Problem description:
The line with "t] unfolding P_def by auto", the line with "by (intro closed_contains_Inf)", and all lines between them in the material below: return these exactly, and no others.

Data:
lemma first_of_fiber:
  assumes t: "t \<in> {0..T}"
  obtains p where "p \<in> {0..1}" "r p = t" "\<And>s. s \<in> {0..1} \<Longrightarrow> r s = t \<Longrightarrow> p \<le> s"
proof -
  define P where "P = {s \<in> {0..1}. r s = t}"
  have "closed P" unfolding P_def by (rule continuous_closed_preimage_constant[OF r_continuous]) simp
  moreover have "P \<noteq> {}" using phi_attained[OF t] unfolding P_def by auto
  moreover have bdd: "bdd_below P" unfolding P_def by (rule bdd_belowI[where m=0]) auto
  ultimately have "Inf P \<in> P" by (intro closed_contains_Inf)
  then show ?thesis using that[of "Inf P"] cInf_lower[OF _ bdd] unfolding P_def by auto
qed

lemma Lambda_along_fiber:
  assumes x: "x \<in> {0..1}" and y: "y \<in> {0..1}" and xy: "x \<le> y" and rxy: "r x = r y"
  shows "(leftlim \<phi> (r x) \<le> \<phi> (r x) \<longrightarrow> Lambda a g x \<le> Lambda a g y) \<and>
         (\<not> leftlim \<phi> (r x) \<le> \<phi> (r x) \<longrightarrow> Lambda a g y \<le> Lambda a g x)"
proof -
  obtain B where Bg: "\<forall>x\<in>{0..1}. \<bar>g x\<bar> \<le> B" and "\<forall>t\<in>{0..T}. \<bar>\<phi> t\<bar> \<le> B"
    by (rule common_bound)
  have dir: "(leftlim \<phi> (r x) \<le> \<phi> (r x) \<longrightarrow> g u \<le> g y) \<and> (\<not> leftlim \<phi> (r x) \<le> \<phi> (r x) \<longrightarrow> g y \<le> g u)"
    if "u \<in> {x..y}" for u
  proof -
    from that have "x \<le> u" "u \<le> y" by auto
    then have u: "u \<in> {0..1} \<and> r u = r x" by (rule fiber_interval[OF x y _ _ rxy])
    then have "r u = r y" using rxy by simp
    from fiber_direction[OF _ y \<open>u \<le> y\<close> this] u show ?thesis by simp
  qed
  show ?thesis
  proof (intro conjI impI)
    assume up: "leftlim \<phi> (r x) \<le> \<phi> (r x)"
    show "Lambda a g x \<le> Lambda a g y"
    proof (rule Lambda_le_if_below_end[OF Bg])
      fix u assume "u \<in> {x..y}"
      then show "g u \<le> g y" using dir up by blast
    qed (use x y xy in auto)
  next
    assume down: "\<not> leftlim \<phi> (r x) \<le> \<phi> (r x)"
    show "Lambda a g y \<le> Lambda a g x"
    proof (rule Lambda_ge_if_above_end[OF Bg])
      fix u assume "u \<in> {x..y}"
      then show "g y \<le> g u" using dir down by blast
    qed (use x y xy in auto)
  qed
qed
(* Let $d>0$ be square-free, $r$ a positive divisor of $d$, $s=-d/r$, and $u,v\in\mathbb{Z}$ with $us-vr=1$; set $\sigma_r=\begin{pmatrix}\sqrt{-d}&r\\ vr&u\sqrt{-d}\end{pmatrix}$. Let $m,c\in\mathbb{Z}$ with $0<m<d/2$ and $0<m^2-dc<d/4$, and $A=\begin{pmatrix}d&m\sqrt{-d}\\ -m\sqrt{-d}&dc\end{pmatrix}$. Then $\sigma_r^*A\sigma_r$ corresponds to an orientable embedded totally geodesic surface in $\Omega_d$.
   Context: $\mathcal{O}_d$ is the ring of integers of $\mathbb{Q}(\sqrt{-d})$, $\Gamma_d=\mathrm{PSL}(2,\mathcal{O}_d)$, $\Omega_d=\mathbb{H}^3/\Gamma_d$; $\sigma^*$ is conjugate transpose. A Hermitian matrix $A'$ corresponds to the totally geodesic surface in $\Omega_d$ that is the image of the hyperbolic plane $H$ bounded by the circle $\mathcal{C}=\{z:(z\ 1)A'(\bar z\ 1)^T=0\}$ (for $A'=\sigma_r^*A\sigma_r$ this circle is the image under the Möbius map $\sigma_r^{-1}$ of the circle of $A$). The surface is embedded if for all $\gamma\in\Gamma_d$, $\gamma H=H$ or $\gamma H\cap H=\emptyset$; it is orientable if no element of $\Gamma_d$ preserving $\mathcal{C}$ interchanges the two components of $(\mathbb{C}\cup\{\infty\})\setminus\mathcal{C}$. *)

theory Defs
  imports "HOL-Analysis.Analysis" "HOL-Computational_Algebra.Squarefree"
begin

text \<open>2x2 complex matrices as complex^2^2 (row i, column j: M$i$j).\<close>

definition mat2 :: "complex \<Rightarrow> complex \<Rightarrow> complex \<Rightarrow> complex \<Rightarrow> complex^2^2" where
  "mat2 a b c e = (\<chi> i j. if i = 1 then (if j = 1 then a else b) else (if j = 1 then c else e))"

definition conj_transpose :: "complex^2^2 \<Rightarrow> complex^2^2" where
  "conj_transpose M = (\<chi> i j. cnj (M $ j $ i))"

definition hermitian2 :: "complex^2^2 \<Rightarrow> bool" where
  "hermitian2 M \<longleftrightarrow> conj_transpose M = M"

Expected output:
  moreover have "P \<noteq> {}" using phi_attained[OF t] unfolding P_def by auto
  moreover have bdd: "bdd_below P" unfolding P_def by (rule bdd_belowI[where m=0]) auto
  ultimately have "Inf P \<in> P" by (intro closed_contains_Inf)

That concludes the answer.